Consider a petrol pump which has a single petrol dispensing unit. Customers arrive there in accordance with a Poisson process having rate λ = 1 minutes. An arriving customer enters the petrol pump only if there are two or less customers in the petrol pump, otherwise he/she leaves the petrol pump without taking the petrol (at any point of time a maximum of three customers are present in the petrol pump). Successive service times of the petrol dispensing unit are independent exponential random variables having mean \(\frac{1}{2}\) minutes. Let X denote the average number of customers in the petrol pump in the long run. Then E(X) is equal to  

Concept:

The value of  \(E(X) = 0 \times P_0 + 1 \times P_1 + 2 \times P_2 + 3 \times P_3\)

Explanation:

we have,

A single server (the petrol dispensing unit),

Customers arrive according to a Poisson process with rate \(\lambda = 1 \) per minute,

Service times are exponentially distributed with mean \(\frac{1}{2}\) minutes (service rate \(\mu = 2 \)),

The petrol pump has a maximum capacity of 3 customers (only 3 customers can be in the

system, including the one being served). If there are already 3 customers, new arrivals are

blocked (they leave without entering the system).

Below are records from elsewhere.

(* Fix $h = 2\pi^2$. For a positive integer $N_t$ put $T=\sqrt{N_t h/4}$ and define, for $x\in[0,1]$, $$r_t(x) = \frac{xh}{\pi} \sum_{j=1}^{N_t} \frac{1}{\sqrt{jh}} \cdot \frac{e^{\sqrt{jh}-\sqrt{N_t h/4}}}{e^{2\sqrt{jh}-2\sqrt{N_t h/4}} + x}.$$ Assume the following bound holds for all sufficiently large $N_t$: for every $x\in[e^{4-2T},1]$, $$\left|\int_\Gamma f(u,x)\,\delta(u)\,du\right| < 12\, e^{-T},$$ where $f$, $\delta$ and $\Gamma$ are as described in the context. Then, as $N_t\to\infty$, uniformly for $x\in[0,1]$, $$|r_t(x)-\sqrt{x}\,| < 20\, e^{-\sqrt{N_t h/4}} = 20\, e^{-\pi\sqrt{N_t/2}}.$$
   Context: Here $\sqrt{u}$ denotes the principal branch of the square root. For $u\in\mathbb{C}$ and $x\in(0,1]$, $f(u,x) = \frac{x}{\pi}\,\frac{1}{\sqrt{u}}\,\frac{e^{\sqrt{u}-T}}{e^{2(\sqrt{u}-T)}+x}$. The function $\delta(u)=\mu(u)-m(u)$, where $\mu(u)=-\tfrac12$ if $\operatorname{Im}u\ge 0$ and $\mu(u)=\tfrac12$ if $\operatorname{Im}u<0$, and $m(u) = -\tfrac{i}{2}\cot(\pi u/h)$. The contour $\Gamma$ is the positively oriented boundary of the rectangle $\{u: 1\le \operatorname{Re}u\le 4T^2+1,\ |\operatorname{Im}u|\le a\}$ with $a = 2\pi(T+\tfrac12\log x)$. *)

theory Defs
  imports "HOL-Complex_Analysis.Complex_Analysis"
begin

definition hh :: real where "hh = 2 * pi ^ 2"

definition Tt :: "nat \<Rightarrow> real" where "Tt N = sqrt (real N * hh / 4)"

definition r_t :: "nat \<Rightarrow> real \<Rightarrow> real" where
  "r_t N x = x * hh / pi * (\<Sum>j=1..N. 1 / sqrt (real j * hh) *
      exp (sqrt (real j * hh) - sqrt (real N * hh / 4)) /
      (exp (2 * sqrt (real j * hh) - 2 * sqrt (real N * hh / 4)) + x))"

definition f_fun :: "real \<Rightarrow> complex \<Rightarrow> real \<Rightarrow> complex" where
  "f_fun T u x = of_real x / of_real pi * (1 / csqrt u) *
      (exp (csqrt u - of_real T) / (exp (2 * (csqrt u - of_real T)) + of_real x))"

definition mu_fun :: "complex \<Rightarrow> complex" where
  "mu_fun u = (if Im u \<ge> 0 then - 1/2 else 1/2)"

definition m_fun :: "complex \<Rightarrow> complex" where
  "m_fun u = - (\<i> / 2) * cot (of_real pi * u / of_real hh)"

definition delta_fun :: "complex \<Rightarrow> complex" where
  "delta_fun u = mu_fun u - m_fun u"

definition Gamma_path :: "real \<Rightarrow> real \<Rightarrow> real \<Rightarrow> complex" where
  "Gamma_path T x = (let a = 2 * pi * (T + ln x / 2) in
      rectpath (Complex 1 (- a)) (Complex (4 * T ^ 2 + 1) a))"

end

theory Submission
  imports Defs
begin

(* Write delta = (mu + 1/2) + delta_mero: mu + 1/2 is the indicator of the open lower half-plane
   and delta_mero = -1/2 + (i/2) cot (pi u / h) is meromorphic, with simple poles at the points j h.
   By the residue theorem, the integral of f * delta_mero over Gamma is 2 pi i times the residues
   at j h, 1 <= j <= N, which add up to -r_t(x) / (2 pi i), plus those at the two zeros
   p_up, p_lo = (c +- i pi/2)^2, c = T + (log x)/2, of the denominator of f.  The integral of
   f * (mu + 1/2) over Gamma is the integral of f over the lower half of Gamma; the residue theorem
   on the lower half-rectangle turns it into 2 pi i Res (f, p_lo) plus the integral of f along
   [1, 4T^2 + 1], and the primitive (2 sqrt x / pi) arctan (e^(sqrt u - T) / sqrt x) shows that the
   latter is sqrt x + O(e^(-T)).  As |e^(2 pi i p / h)| = e^(-+c) and |e^(sqrt p - T)| = sqrt x, the
   terms coming from p_up and p_lo are O(e^(-T)) too; with explicit constants
   |r_t(x) - sqrt x| < (12 + 3 * 5/2) e^(-T).  For x < e^(4 - 2T), r_t(x) and sqrt x are both at
   most 8 e^(-T). *)

section \<open>Elementary estimates\<close>

lemma exp_ge_power4_div16:
  fixes s :: real
  assumes "0 \<le> s"
  shows "s ^ 4 / 16 \<le> exp s"
proof -
  have "(1 + s/8) ^ 8 \<le> exp (s/8) ^ 8"
    using assms by (intro power_mono) (auto simp: exp_ge_add_one_self)
  also have "\<dots> = exp s" by (simp flip: exp_of_nat_mult)
  finally have exp_ge: "(1 + s/8) ^ 8 \<le> exp s" .
  have "s/2 \<le> (1 + s/8)^2"
    using zero_le_power2[of "1 - s/8"] by (simp add: power2_eq_square algebra_simps)
  then have "(s/2) ^ 4 \<le> ((1 + s/8)^2) ^ 4"
    using assms by (intro power_mono) auto
  then show ?thesis
    using exp_ge by (simp add: power_divide flip: power_mult)
qed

This describes an \(M/M/1/3\) queueing system with arrival rate \(\lambda = 1 \) , service rate \(\mu = 2 \), and

a system capacity of 3 (maximum 3 customers).

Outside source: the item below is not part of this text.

(* Let $A=A_{\bar 0}\oplus A_{\bar 1}$ be a finite-dimensional associative superalgebra over an algebraically closed field $\mathbb{K}$ of characteristic zero. Then $A$ admits an even-symmetric structure if and only if there exist two isomorphisms of $A_{\bar 0}$-bimodules $\phi_{\bar 0}:A_{\bar 0}\to A_{\bar 0}^*$ and $\phi_{\bar 1}:A_{\bar 1}\to A_{\bar 1}^*$ such that $$\phi_i(x)(y)=(-1)^i\phi_i(y)(x)\quad\text{for all } x,y\in A_i,\ i\in\{\bar 0,\bar 1\},$$ $$\phi_{\bar 1}(x.y)(z)=\phi_{\bar 0}(x)(y.z)\quad\text{for all } x\in A_{\bar 0},\ y,z\in A_{\bar 1}.$$
   Context: A superalgebra is a $\mathbb{Z}_2$-graded algebra $A=A_{\bar 0}\oplus A_{\bar 1}$ with $A_\alpha A_\beta\subseteq A_{\alpha+\beta}$; it is associative if it is associative as an algebra; $|x|$ denotes the degree of a homogeneous element $x$. A bilinear form $B$ on $A$ is even if $B(A_{\bar 0},A_{\bar 1})=\{0\}$ (so also $B(A_{\bar 1},A_{\bar 0})=\{0\}$), and odd if $B(A_{\bar 0},A_{\bar 0})=B(A_{\bar 1},A_{\bar 1})=\{0\}$. $B$ is supersymmetric if $B(x,y)=(-1)^{|x||y|}B(y,x)$ for homogeneous $x,y$, associative if $B(x.y,z)=B(x,y.z)$ for all $x,y,z$, and non-degenerate if $B(x,A)=\{0\}$ implies $x=0$. An even-symmetric (resp. odd-symmetric) structure on $A$ is an even (resp. odd), supersymmetric, associative, non-degenerate bilinear form on $A$. For $i\in\{\bar 0,\bar 1\}$, $A_i$ is an $A_{\bar 0}$-bimodule via left and right multiplication, and $A_i^*$ is an $A_{\bar 0}$-bimodule via $(x\cdot f)(y)=f(y.x)$ and $(f\cdot x)(y)=f(x.y)$ for $x\in A_{\bar 0}$, $f\in A_i^*$, $y\in A_i$. In the formula $(-1)^i$, $i$ is read as $0$ or $1$. *)

theory Defs
  imports "HOL-Computational_Algebra.Polynomial"
begin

Let the state X denote the number of customers in the petrol pump (0, 1, 2, or 3). The system has

a finite capacity, so the maximum number of customers at any given time is 3.

The system is modeled as a birth-death process with the following transition rates:

Arrival rate \(\lambda = 1 \) ,

Service rate \(\mu = 2 \).

Let \(P_n\) be the steady-state probability that there are n customers in the system. We need to find

\(P_0, P_1, P_2, P_3\)  the probabilities for 0, 1, 2, and 3 customers in the system.

Using the birth-death process relations, we get

\(\frac{P_1}{P_0} = \frac{\lambda}{\mu} = \frac{1}{2}, \quad \frac{P_2}{P_1} = \frac{\lambda}{\mu} = \frac{1}{2}, \quad \frac{P_3}{P_2} = \frac{\lambda}{\mu} = \frac{1}{2}\)

Thus,

\(P_1 = \frac{1}{2} P_0, \quad P_2 = \frac{1}{2} P_1 = \frac{1}{4} P_0, \quad P_3 = \frac{1}{2} P_2 = \frac{1}{8} P_0\)

Now, since the total probability must sum to 1,

\(P_0 + P_1 + P_2 + P_3 = 1\)

Substituting the values of \(P_1, P_2, P_3\) in terms of \( P_0 \):

\(P_0 + \frac{1}{2} P_0 + \frac{1}{4} P_0 + \frac{1}{8} P_0 = 1\)

Factoring out \( P_0 \),

\(P_0 \left( 1 + \frac{1}{2} + \frac{1}{4} + \frac{1}{8} \right) = 1\)

The sum inside the parentheses is,

\(1 + \frac{1}{2} + \frac{1}{4} + \frac{1}{8} = \frac{8}{8} + \frac{4}{8} + \frac{2}{8} + \frac{1}{8} = \frac{15}{8}\)

Thus,

\(P_0 \times \frac{15}{8} = 1 \quad \Rightarrow \quad P_0 = \frac{8}{15}\)

\(P_1 = \frac{1}{2} P_0 = \frac{1}{2} \times \frac{8}{15} = \frac{4}{15}\)

\(P_2 = \frac{1}{4} P_0 = \frac{1}{4} \times \frac{8}{15} = \frac{2}{15}\)

\(P_3 = \frac{1}{8} P_0 = \frac{1}{8} \times \frac{8}{15} = \frac{1}{15}\)

\(E(X) = 0 \times P_0 + 1 \times P_1 + 2 \times P_2 + 3 \times P_3\)

Substituting the values of \(P_0, P_1, P_2, P_3 \):

\(E(X) = 0 \times \frac{8}{15} + 1 \times \frac{4}{15} + 2 \times \frac{2}{15} + 3 \times \frac{1}{15} \)

\(E(X) = \frac{4}{15} + \frac{4}{15} + \frac{3}{15} = \frac{11}{15}\)

Hence correct option is 3).